::: Source records
definition cube_piece :: "'a::euclidean_space set \<Rightarrow> bool" where
  "cube_piece s \<longleftrightarrow> s = {} \<or> oriented_cube s"

definition eps_predecessor :: "real \<Rightarrow> 'a::euclidean_space set \<Rightarrow> 'a set \<Rightarrow> bool" where
  "eps_predecessor \<epsilon> s s' \<longleftrightarrow> s \<subseteq> s' \<and> measure lebesgue (s' - s) < \<epsilon>"

definition knife_function ::
  "'a::euclidean_space set \<Rightarrow> 'a set \<Rightarrow> 'a set \<Rightarrow> (real \<Rightarrow> 'a set) \<Rightarrow> bool" where
  "knife_function C C0 C1 K \<longleftrightarrow>
     (\<forall>t\<in>{0..1}. K t \<in> sets borel \<and> K t \<subseteq> C) \<and>
     (\<forall>t\<in>{0..1}. \<forall>t'\<in>{0..1}. t \<le> t' \<longrightarrow> K t \<subseteq> K t') \<and>
     K 0 = C0 \<and> K 1 = C1"

definition S_continuous ::
  "('a::euclidean_space set \<Rightarrow> bool) \<Rightarrow> 'a set \<Rightarrow> (real \<Rightarrow> 'a set) \<Rightarrow> bool" where
  "S_continuous S C K \<longleftrightarrow>
     (\<forall>\<epsilon>>0. \<exists>\<delta>>0. \<forall>t\<in>{0..1}. \<forall>t'\<in>{0..1}. \<bar>t' - t\<bar> < \<delta> \<longrightarrow>
        (\<forall>s'. S s' \<and> s' \<subseteq> K t' \<longrightarrow> (\<exists>s. S s \<and> s \<subseteq> K t \<and> eps_predecessor \<epsilon> s s')) \<and>
        (\<forall>s'. S s' \<and> s' \<subseteq> C - K t' \<longrightarrow> (\<exists>s. S s \<and> s \<subseteq> C - K t \<and> eps_predecessor \<epsilon> s s')))"

end

theory Submission
  imports Defs
begin

text \<open>Sweep a hyperplane through C: K t is the part of C below the hyperplane
  x \<bullet> e = L (2 t - 1), for a unit vector e and L larger than the radius of C.
  A cube of side a lying below height h contains its inscribed ball, so its centre lies below
  height h - a/2. The homothety about the centre with ratio 1 - 4\<eta>/a therefore maps the cube
  onto a subcube below height h - 2\<eta>, and by Bernoulli's inequality it loses at most the
  fraction DIM * 4\<eta>/a of a volume of order a^DIM. Since the cubes inside C have bounded side,
  this loss is O(\<eta>) uniformly; cubes of side at most 4\<eta> are replaced by the empty piece.
  The complement of K t is treated in the same way with -e in place of e.\<close>

definition rigid_cube :: "'a::euclidean_space \<Rightarrow> ('a \<Rightarrow> 'a) \<Rightarrow> real \<Rightarrow> 'a set" where
  "rigid_cube c f a = (\<lambda>x. c + f x) ` cbox 0 (a *\<^sub>R One)"

lemma oriented_cube_iff_rigid_cube:
  "oriented_cube Q \<longleftrightarrow> (\<exists>c a f. a > 0 \<and> orthogonal_transformation f \<and> Q = rigid_cube c f a)"
  by (simp add: oriented_cube_def rigid_cube_def scaleR_sum_right)

lemma mem_cbox_scaled_One:
  "x \<in> cbox 0 (a *\<^sub>R One) \<longleftrightarrow> (\<forall>i\<in>Basis. 0 \<le> x \<bullet> i \<and> x \<bullet> i \<le> a)"
  by (simp add: mem_box)

lemma
  assumes "orthogonal_transformation f"
  shows compact_rigid_cube: "compact (rigid_cube c f a)"
    and convex_rigid_cube: "convex (rigid_cube c f a)"
proof -
  have Q: "rigid_cube c f a = (+) c ` f ` cbox 0 (a *\<^sub>R One)"
    by (simp add: rigid_cube_def image_image)
  have f: "linear f" using assms by (rule orthogonal_transformation_linear)
  then have "continuous_on UNIV f"
    by (simp add: linear_continuous_on linear_conv_bounded_linear)
  then show "compact (rigid_cube c f a)"
    unfolding Q by (intro compact_translation compact_continuous_image) (auto intro: continuous_on_subset)
  show "convex (rigid_cube c f a)"
    unfolding Q by (intro convex_translation convex_linear_image f convex_box)
qed
theorem lemma27:
  fixes S :: "('a::{field,finite}^'n^'n) set"
  assumes n2: "CARD('n) \<ge> 2"
    and semi: "mat_subsemigroup S"
    and iso: "mat_isolated S"
    and cases: "0 \<in> S
      \<or> (\<exists>E\<in>S. \<exists>E'\<in>S. E ** E = E \<and> E' ** E' = E'
            \<and> rank E = CARD('n) - 1 \<and> rank E' = CARD('n) - 1
            \<and> {x. E *v x = 0} \<subseteq> range (\<lambda>x. E' *v x))
      \<or> (\<exists>E\<in>S. E ** E = E \<and> rank E \<le> CARD('n) - 2)"
  shows "{A :: 'a^'n^'n. rank A \<le> CARD('n) - 1} \<subseteq> S"
proof -
  have "0 \<in> S"
  proof (rule ccontr)
    assume "0 \<notin> S"
    with cases consider
        (pair) E E' where "E \<in> S" "E' \<in> S" "E ** E = E" "rank E = CARD('n) - 1"
          "rank E' = CARD('n) - 1" "{x. E *v x = 0} \<subseteq> range (\<lambda>x. E' *v x)"
      | (low_rank) E where "E \<in> S" "E ** E = E" "rank E \<le> CARD('n) - 2"
      by blast
    then have "\<exists>g\<in>S. g ** g = g \<and> rank g + 2 \<le> CARD('n)"
    proof cases
      case pair
      have "rank E < CARD('n)" "rank E' < CARD('n)" using pair(4,5) n2 by simp_all
      then show ?thesis
        using idempotent_mem_of_kernel_subset_range[OF semi pair(1-3) _ _ pair(6)] by blast
    next
      case low_rank
      then show ?thesis using n2 by (metis le_diff_conv2)
    qed
    then show False using zero_mem_of_idempotent_mem[OF semi iso] \<open>0 \<notin> S\<close> by blast
  qed
  show ?thesis
  proof
    fix A :: "'a^'n^'n"
    assume "A \<in> {A. rank A \<le> CARD('n) - 1}"
    then have "rank A < CARD('n)" using n2 by simp
    obtain m where m: "0 < m" "matpow A m ** matpow A m = matpow A m"
      by (rule matpow_idempotent_exists)
    then have "matpow A m \<in> S"
      using singular_idempotent_mem[OF semi iso \<open>0 \<in> S\<close>] rank_matpow_le \<open>rank A < CARD('n)\<close>
      by (meson le_less_trans)
    then show "A \<in> S" using iso m(1) unfolding mat_isolated_def by blast
  qed
qed

end
lemma AE_abs_le_T_sup_norm:
  assumes [measurable]: "h \<in> borel_measurable borel" and bounded: "\<And>x. \<bar>h x\<bar> \<le> B"
  shows "AE x in lborel. x \<in> {0..1} \<longrightarrow> \<bar>h x\<bar> \<le> real_of_ereal (T_sup_norm h)"
proof -
  define N where "N = restrict_space lborel {0..1::real}"
  have [measurable]: "(\<lambda>x. ereal \<bar>h x\<bar>) \<in> borel_measurable N"
    unfolding N_def by (rule measurable_restrict_space1) measurable
  have "T_sup_norm h \<le> ereal B"
    unfolding T_sup_norm_def N_def[symmetric] by (rule esssup_I) (use bounded in auto)
  moreover have "0 \<le> T_sup_norm h"
  proof -
    have "esssup N (\<lambda>x. 0::ereal) = 0"
      by (rule esssup_const) (simp add: N_def emeasure_restrict_space)
    moreover have "esssup N (\<lambda>x. 0) \<le> esssup N (\<lambda>x. ereal \<bar>h x\<bar>)"
      by (rule esssup_mono) auto
    ultimately show ?thesis unfolding T_sup_norm_def N_def by simp
  qed
  ultimately have finite: "ereal (real_of_ereal (T_sup_norm h)) = T_sup_norm h"
    by (cases "T_sup_norm h") auto
  have "AE x in N. ereal \<bar>h x\<bar> \<le> T_sup_norm h"
    unfolding T_sup_norm_def N_def by (rule esssup_AE)
  then have "AE x in lborel. x \<in> {0..1} \<longrightarrow> ereal \<bar>h x\<bar> \<le> T_sup_norm h"
    unfolding N_def by (subst (asm) AE_restrict_space_iff) auto
  then show ?thesis
    by eventually_elim (metis finite ereal_less_eq(3))
qed

theorem lemma2p14:
  fixes f :: "real \<Rightarrow> real" and j :: int
  assumes "T_pdf f" and "T_supported_quarter f" and "j \<noteq> 0"
  shows "(cmod (T_fourier f j))\<^sup>2
    \<le> real_of_ereal (T_sup_norm (T_conv f f)) / pi * sin (pi / real_of_ereal (T_sup_norm (T_conv f f)))"
proof -
  define M where "M = real_of_ereal (T_sup_norm (T_conv f f))"
  have per: "torus_periodic f" and [measurable]: "f \<in> borel_measurable borel"
    and nonneg: "AE x in lborel. 0 \<le> f x" and sq: "set_integrable lborel {0..1} (\<lambda>x. (f x)\<^sup>2)"
    and int: "set_integrable lborel {0..1} f" and total: "(LINT x:{0..1}|lborel. f x) = 1"
    using assms(1) by (simp_all add: T_pdf_def)
  have fourier_conv: "T_fourier (T_conv f f) k = (T_fourier f k)\<^sup>2" for k
    using T_fourier_T_conv[OF per per _ _ int int] by (simp add: power2_eq_square)
  have "complex_of_real (LINT x:{0..1}|lborel. T_conv f f x) = (T_fourier f 0)\<^sup>2"
    using fourier_conv[of 0] by (simp add: T_fourier_def set_integral_complex_of_real)
  also have "\<dots> = 1"
    using total by (simp add: T_fourier_def set_integral_complex_of_real)
  finally have total_conv: "(LINT x:{0..1}|lborel. T_conv f f x) = 1"
    by (metis of_real_eq_1_iff)
  have "AE x in lborel. x \<in> {0..1} \<longrightarrow> \<bar>T_conv f f x\<bar> \<le> M"
    unfolding M_def by (rule AE_abs_le_T_sup_norm) (use abs_T_conv_self_le[OF per _ sq] in auto)
  then have "AE x in lborel. x \<in> {0..1} \<longrightarrow> 0 \<le> T_conv f f x \<and> T_conv f f x \<le> M"
    using T_conv_nonneg[OF _ nonneg nonneg] by auto
  then have "cmod (T_fourier (T_conv f f) j) \<le> M / pi * sin (pi / M)"
    using T_fourier_bathtub_bound[OF assms(3) _ _ total_conv] by simp
  then show ?thesis
    unfolding M_def fourier_conv by (simp add: norm_power)
qed

end
(* For each of the equations $Q(x,u,v,y;\alpha,\beta)=0$ listed in the context, with the corresponding polynomial $h$, consider the system of differential equations for functions $x(\xi),u(\xi),v(\xi),y(\xi)$: $$x_\xi u_\xi=h(x,u;\alpha),\quad u_\xi y_\xi=h(u,y;\beta),\quad x_\xi v_\xi=h(x,v;\beta),\quad v_\xi y_\xi=h(v,y;\alpha).$$ Then (i) the equation $Q(x,u,v,y;\alpha,\beta)=0$ is a sufficient condition for the consistency condition $h(x,u;\alpha)h(v,y;\alpha)=h(x,v;\beta)h(u,y;\beta)$ of this system; (ii) $Q=0$ is compatible with the system, i.e. $\big(Q_xx_\xi+Q_uu_\xi+Q_vv_\xi+Q_yy_\xi\big)\big|_{Q=0}=0$ along solutions of the system.
   Context: The equations and polynomials $h$ (with constant $\delta$): (Q1) $\alpha(x-v)(u-y)-\beta(x-u)(v-y)+\delta^2\alpha\beta(\alpha-\beta)=0$, $h=\frac{1}{2\alpha}(x-u)^2-\frac{\delta^2\alpha}{2}$; (Q2) $\alpha(x-v)(u-y)-\beta(x-u)(v-y)+\alpha\beta(\alpha-\beta)(x+u+v+y)-\alpha\beta(\alpha-\beta)(\alpha^2-\alpha\beta+\beta^2)=0$, $h=\frac{1}{4\alpha}(x-u)^2-\frac\alpha2(x+u)+\frac{\alpha^3}{4}$; (Q3) $(\beta^2-\alpha^2)(xy+uv)+\beta(\alpha^2-1)(xu+vy)-\alpha(\beta^2-1)(xv+uy)-\delta^2(\alpha^2-\beta^2)(\alpha^2-1)(\beta^2-1)/(4\alpha\beta)=0$, $h=\frac{\alpha}{1-\alpha^2}(x^2+u^2)-\frac{1+\alpha^2}{1-\alpha^2}xu+\delta^2\frac{1-\alpha^2}{4\alpha}$; (Q4) $a_0xuvy+a_1(xuv+uvy+vyx+yxu)+a_2(xy+uv)+\bar a_2(xu+vy)+\tilde a_2(xv+uy)+a_3(x+u+v+y)+a_4=0$ with $r(t)=4t^3-g_2t-g_3$, $a^2=r(\alpha)$, $b^2=r(\beta)$, $a_0=a+b$, $a_1=-\beta a-\alpha b$, $a_2=\beta^2a+\alpha^2b$, $\bar a_2=\frac{ab(a+b)}{2(\alpha-\beta)}+\beta^2a-(2\alpha^2-\frac{g_2}{4})b$, $\tilde a_2=\frac{ab(a+b)}{2(\beta-\alpha)}+\alpha^2b-(2\beta^2-\frac{g_2}{4})a$, $a_3=\frac{g_3}{2}a_0-\frac{g_2}{4}a_1$, $a_4=\frac{g_2^2}{16}a_0-g_3a_1$; $h(x,u;\alpha)=\frac1a\big[(xu+\alpha(x+u)+g_2/4)^2-(x+u+\alpha)(4\alpha xu-g_3)\big]$ (and $h(\cdot,\cdot;\beta)$ uses $b$ in place of $a$); (H2) $(x-y)(u-v)+(\beta-\alpha)(x+u+v+y)+\beta^2-\alpha^2=0$, $h=x+u+\alpha$; (H3) with $\delta\neq0$: $\alpha(xu+vy)-\beta(xv+uy)+\delta(\alpha^2-\beta^2)=0$, $h=xu+\delta\alpha$; (A1) $\alpha(x+v)(u+y)-\beta(x+u)(v+y)-\delta^2\alpha\beta(\alpha-\beta)=0$, $h=\frac{1}{2\alpha}(x+u)^2-\frac{\delta^2\alpha}{2}$; (A2) $(\beta^2-\alpha^2)(xuvy+1)+\beta(\alpha^2-1)(xv+uy)-\alpha(\beta^2-1)(xu+vy)=0$, $h=\frac{\alpha}{1-\alpha^2}(x^2u^2+1)-\frac{1+\alpha^2}{1-\alpha^2}xu$. Subscripts denote derivatives. *)

theory Defs
  imports "HOL-Analysis.Analysis"
begin

datatype quad_eq = Q1 | Q2 | Q3 | Q4 | H2 | H3 | A1 | A2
::::::
▸ **Task prompt**: From the listing above, return the lines starting at the one with "define M where" and ending at the one with "k = (T_fourier", both kept, exactly as they appear and nothing more.

▸ **Reply**:
  define M where "M = real_of_ereal (T_sup_norm (T_conv f f))"
  have per: "torus_periodic f" and [measurable]: "f \<in> borel_measurable borel"
    and nonneg: "AE x in lborel. 0 \<le> f x" and sq: "set_integrable lborel {0..1} (\<lambda>x. (f x)\<^sup>2)"
    and int: "set_integrable lborel {0..1} f" and total: "(LINT x:{0..1}|lborel. f x) = 1"
    using assms(1) by (simp_all add: T_pdf_def)
  have fourier_conv: "T_fourier (T_conv f f) k = (T_fourier f k)\<^sup>2" for k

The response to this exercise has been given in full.